What you will do:
Show each line of the entries below in which the word "rule" appears.

Data for this task:
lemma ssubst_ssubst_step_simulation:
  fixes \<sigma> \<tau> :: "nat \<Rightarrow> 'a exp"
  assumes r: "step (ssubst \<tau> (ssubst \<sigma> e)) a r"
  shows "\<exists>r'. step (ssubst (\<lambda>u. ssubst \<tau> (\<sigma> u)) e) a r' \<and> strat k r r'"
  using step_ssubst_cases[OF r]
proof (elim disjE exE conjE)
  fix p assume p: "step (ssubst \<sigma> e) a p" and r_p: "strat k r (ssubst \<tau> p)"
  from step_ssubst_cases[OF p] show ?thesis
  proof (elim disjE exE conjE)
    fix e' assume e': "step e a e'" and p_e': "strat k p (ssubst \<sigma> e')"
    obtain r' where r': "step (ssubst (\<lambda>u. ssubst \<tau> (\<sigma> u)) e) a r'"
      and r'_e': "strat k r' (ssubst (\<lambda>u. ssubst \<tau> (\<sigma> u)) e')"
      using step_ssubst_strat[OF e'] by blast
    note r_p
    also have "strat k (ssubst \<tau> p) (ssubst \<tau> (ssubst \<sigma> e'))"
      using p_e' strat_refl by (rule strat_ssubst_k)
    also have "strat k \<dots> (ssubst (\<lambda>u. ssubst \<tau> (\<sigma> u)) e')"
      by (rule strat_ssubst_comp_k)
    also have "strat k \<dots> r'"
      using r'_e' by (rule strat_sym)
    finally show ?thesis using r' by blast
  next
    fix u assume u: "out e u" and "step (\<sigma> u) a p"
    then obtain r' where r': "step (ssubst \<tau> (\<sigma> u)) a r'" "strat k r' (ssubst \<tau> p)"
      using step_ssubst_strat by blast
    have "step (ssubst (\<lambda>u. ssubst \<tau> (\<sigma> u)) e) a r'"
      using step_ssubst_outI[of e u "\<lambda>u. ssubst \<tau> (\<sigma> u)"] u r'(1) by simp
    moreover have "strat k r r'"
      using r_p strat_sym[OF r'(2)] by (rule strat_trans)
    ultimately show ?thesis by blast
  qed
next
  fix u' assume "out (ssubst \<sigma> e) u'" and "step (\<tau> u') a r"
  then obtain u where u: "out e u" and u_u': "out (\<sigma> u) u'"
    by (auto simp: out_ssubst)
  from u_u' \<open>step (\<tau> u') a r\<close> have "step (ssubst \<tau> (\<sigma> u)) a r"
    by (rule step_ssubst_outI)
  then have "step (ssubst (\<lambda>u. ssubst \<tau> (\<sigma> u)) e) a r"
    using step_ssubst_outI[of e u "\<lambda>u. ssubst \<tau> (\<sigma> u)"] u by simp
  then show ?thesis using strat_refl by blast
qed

Result of this task:
      using p_e' strat_refl by (rule strat_ssubst_k)
      by (rule strat_ssubst_comp_k)
      using r'_e' by (rule strat_sym)
      using r_p strat_sym[OF r'(2)] by (rule strat_trans)
    by (rule step_ssubst_outI)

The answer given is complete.